Artificial Life and Robotics | 2009
Mohd Saberi Mohamad; Sigeru Omatu; Safaai Deris; Michifumi Yoshioka
The application of microarray data for cancer classification has recently gained in popularity. The main problem that needs to be addressed is the selection of a small subset of genes from the thousands of genes in the data that contribute to a disease. This selection process is difficult due to the availability of a small number of samples compared with the huge number of genes, many irrelevant genes, and noisy genes. Therefore, this article proposes an improved binary particle swarm optimization to select a near-optimal (small) subset of informative genes that is relevant for the cancer classification. Experimental results show that the performance of the proposed method is superior to the standard version of particle swarm optimization (PSO) and other previous related work in terms of classification accuracy and the number of selected genes.
Artificial Life and Robotics | 2009
Mohd Saberi Mohamad; Sigeru Omatu; Safaai Deris; Muhammad Faiz Misman; Michifumi Yoshioka
Gene expression technology, namely microarrays, offers the ability to measure the expression levels of thousands of genes simultaneously in biological organisms. Microarray data are expected to be of significant help in the development of an efficient cancer diagnosis and classification platform.
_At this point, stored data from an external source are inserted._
lemma nren_reflects_NPar:
  assumes IH1: "nren_reflects c d M1" and IH2: "nren_reflects c d M2"
    and fresh1: "\<not> nocc defs d M1" and fresh2: "\<not> nocc defs d M2"
  shows "nren_reflects c d (NPar M1 D M2)"
  unfolding nren_reflects_def
proof (intro allI impI)
  fix \<delta> Y assume "nren c d (NPar M1 D M2) \<midarrow>\<delta>\<rightarrow> Y"
  then have "NPar (nren c d M1) D (nren c d M2) \<midarrow>\<delta>\<rightarrow> Y" by simp
  then show "\<exists>\<delta>0 M'. NPar M1 D M2 \<midarrow>\<delta>0\<rightarrow> M' \<and> lren c d \<delta>0 = \<delta> \<and> nren c d M' = Y"
  proof (cases rule: ntr_NParE)
    case (bcastL p q a v Y1 Y2)
    obtain a1 M1' where 1: "M1 \<midarrow>LOut p a1 v\<rightarrow> M1'" "a = cren c d a1" "Y1 = nren c d M1'"
      using IH1 bcastL(2) unfolding nren_reflects_def by fastforce
    obtain a2 M2' where 2: "M2 \<midarrow>LIn q a2 v\<rightarrow> M2'" "a = cren c d a2" "Y2 = nren c d M2'"
      using IH2 bcastL(3) unfolding nren_reflects_def by fastforce
    have "a1 = a2"
      using 1 2 ntr_fresh_lab[OF 1(1) fresh1] ntr_fresh_lab[OF 2(1) fresh2] by (auto dest: cren_inj)
    with 1 2 bcastL show ?thesis
      by (intro exI[of _ "LOut p a1 v"] exI[of _ "NPar M1' D M2'"]) (auto intro: ntr.n_bcast1)
  next
    case (bcastR p q a v Y1 Y2)
    obtain a1 M1' where 1: "M1 \<midarrow>LIn q a1 v\<rightarrow> M1'" "a = cren c d a1" "Y1 = nren c d M1'"
      using IH1 bcastR(3) unfolding nren_reflects_def by fastforce
    obtain a2 M2' where 2: "M2 \<midarrow>LOut p a2 v\<rightarrow> M2'" "a = cren c d a2" "Y2 = nren c d M2'"
      using IH2 bcastR(2) unfolding nren_reflects_def by fastforce
    have "a1 = a2"
      using 1 2 ntr_fresh_lab[OF 1(1) fresh1] ntr_fresh_lab[OF 2(1) fresh2] by (auto dest: cren_inj)
    with 1 2 bcastR show ?thesis
      by (intro exI[of _ "LOut p a2 v"] exI[of _ "NPar M1' D M2'"]) (auto intro: ntr.n_bcast2)
  next
    case (parL Y1)
    with IH1 show ?thesis unfolding nren_reflects_def by (fastforce intro: ntr.n_parL)
  next
    case (parR Y2)
    with IH2 show ?thesis unfolding nren_reflects_def by (fastforce intro: ntr.n_parR)
  qed
qed

lemma nren_reflects: "\<not> ncallocc defs c M \<Longrightarrow> \<not> nocc defs d M \<Longrightarrow> nren_reflects c d M"
proof (induction M)
  case (NRes a M)
  then show ?case by (cases "a = c") (auto intro: nren_reflects_NRes_same nren_reflects_NRes)
qed (auto intro: nren_reflects_NLeaf nren_reflects_NPar)

section \<open>Structural congruence is a simulation up to itself\<close>

definition psim :: "('c,'v,'e,'b,'k) proc \<Rightarrow> ('c,'v,'e,'b,'k) proc \<Rightarrow> bool" where
  "psim P Q \<longleftrightarrow> (\<forall>\<alpha> P'. P \<midarrow>\<alpha>\<rightarrow>\<^sub>p P' \<longrightarrow> (\<exists>Q'. Q \<midarrow>\<alpha>\<rightarrow>\<^sub>p Q' \<and> P' \<cong>\<^sub>p Q'))"

lemma pcong_psim: "P \<cong>\<^sub>p Q \<Longrightarrow> psim P Q \<and> psim Q P"
proof (induction rule: pcong.induct)
  case (ptrans P Q R)
  then show ?case unfolding psim_def by (meson pcong.ptrans)
next
  case (pctx_recv f g c)
  then show ?case by (auto simp: psim_def intro: pcong.psym)
next
  case (pctx_send P Q c e)
  then show ?case by (auto simp: psim_def intro: pcong.psym)
next
  case (pctx_sum P P' Q Q')
  then show ?case unfolding psim_def by (simp, meson)
next
  case (pctx_if P P' Q Q' b)
  then show ?case unfolding psim_def by (cases "evalb b") simp_all
qed (auto simp: psim_def intro: pcong.prefl)

definition nsim :: "('l,'c,'v,'e,'b,'k) net \<Rightarrow> ('l,'c,'v,'e,'b,'k) net \<Rightarrow> bool" where
  "nsim M N \<longleftrightarrow> (\<forall>\<delta> M'. M \<midarrow>\<delta>\<rightarrow> M' \<longrightarrow> (\<exists>N'. N \<midarrow>\<delta>\<rightarrow> N' \<and> M' \<cong> N'))"

lemma nsimI: "(\<And>\<delta> M'. M \<midarrow>\<delta>\<rightarrow> M' \<Longrightarrow> \<exists>N'. N \<midarrow>\<delta>\<rightarrow> N' \<and> M' \<cong> N') \<Longrightarrow> nsim M N"
  unfolding nsim_def by blast

lemma nsimE:
  assumes "nsim M N" and "M \<midarrow>\<delta>\<rightarrow> M'"
  obtains N' where "N \<midarrow>\<delta>\<rightarrow> N'" and "M' \<cong> N'"
  using assms unfolding nsim_def by blast

lemma nsim_refl: "nsim M M"
  by (auto intro: nsimI ncong.nrefl)

lemma nsim_trans: "nsim M N \<Longrightarrow> nsim N K \<Longrightarrow> nsim M K"
  by (rule nsimI) (meson nsimE ncong.ntrans_cong)

lemma nsim_NLeaf:
  assumes cong: "\<And>p. p \<in> V \<Longrightarrow> \<Phi> p \<cong>\<^sub>p \<Psi> p"
  shows "nsim (NLeaf V E \<Phi>) (NLeaf V E \<Psi>)"
proof (rule nsimI)
  fix \<delta> X assume "NLeaf V E \<Phi> \<midarrow>\<delta>\<rightarrow> X"
  then obtain p \<alpha> P' where p: "p \<in> V" and tr: "\<Phi> p \<midarrow>\<alpha>\<rightarrow>\<^sub>p P'"
    and \<delta>: "\<delta> = loc_lab p \<alpha>" and X: "X = NLeaf V E (\<Phi>(p := P'))"
    by (rule ntr_NLeafE)
  obtain Q' where "\<Psi> p \<midarrow>\<alpha>\<rightarrow>\<^sub>p Q'" and "P' \<cong>\<^sub>p Q'"
    using pcong_psim[OF cong[OF p]] tr unfolding psim_def by blast
  moreover from \<open>P' \<cong>\<^sub>p Q'\<close> have "X \<cong> NLeaf V E (\<Psi>(p := Q'))"
    unfolding X using cong by (intro ncong.nctx_leaf) auto
  ultimately show "\<exists>Y. NLeaf V E \<Psi> \<midarrow>\<delta>\<rightarrow> Y \<and> X \<cong> Y"
    using ntr_NLeafI[OF p] \<delta> by blast
qed

lemma nsim_NRes:
  assumes sim: "nsim M N"
  shows "nsim (NRes c M) (NRes c N)"
proof (rule nsimI)
  fix \<delta> X assume "NRes c M \<midarrow>\<delta>\<rightarrow> X"
  then show "\<exists>Y. NRes c N \<midarrow>\<delta>\<rightarrow> Y \<and> X \<cong> Y"
  proof (cases rule: ntr_NResE)
    case (tau p v M')
    with sim obtain N' where "N \<midarrow>LOut p c v\<rightarrow> N'" "M' \<cong> N'" by (blast elim: nsimE)
    with tau show ?thesis by (blast intro: ntr.n_res1 ncong.nctx_res)
  next
    case (vis M')
    with sim obtain N' where "N \<midarrow>\<delta>\<rightarrow> N'" "M' \<cong> N'" by (blast elim: nsimE)
    with vis show ?thesis by (blast intro: ntr.n_res2 ncong.nctx_res)
  qed
qed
A major problem in these data is that the number of genes greatly exceeds the number of tissue samples. These data also have noisy genes. It has been shown in literature reviews that selecting a small subset of informative genes can lead to improved classification accuracy. Therefore, this paper aims to select a small subset of informative genes that are most relevant for cancer classification. To achieve this aim, an approach using two hybrid methods has been proposed. This approach is assessed and evaluated on two well-known microarray data sets, showing competitive results.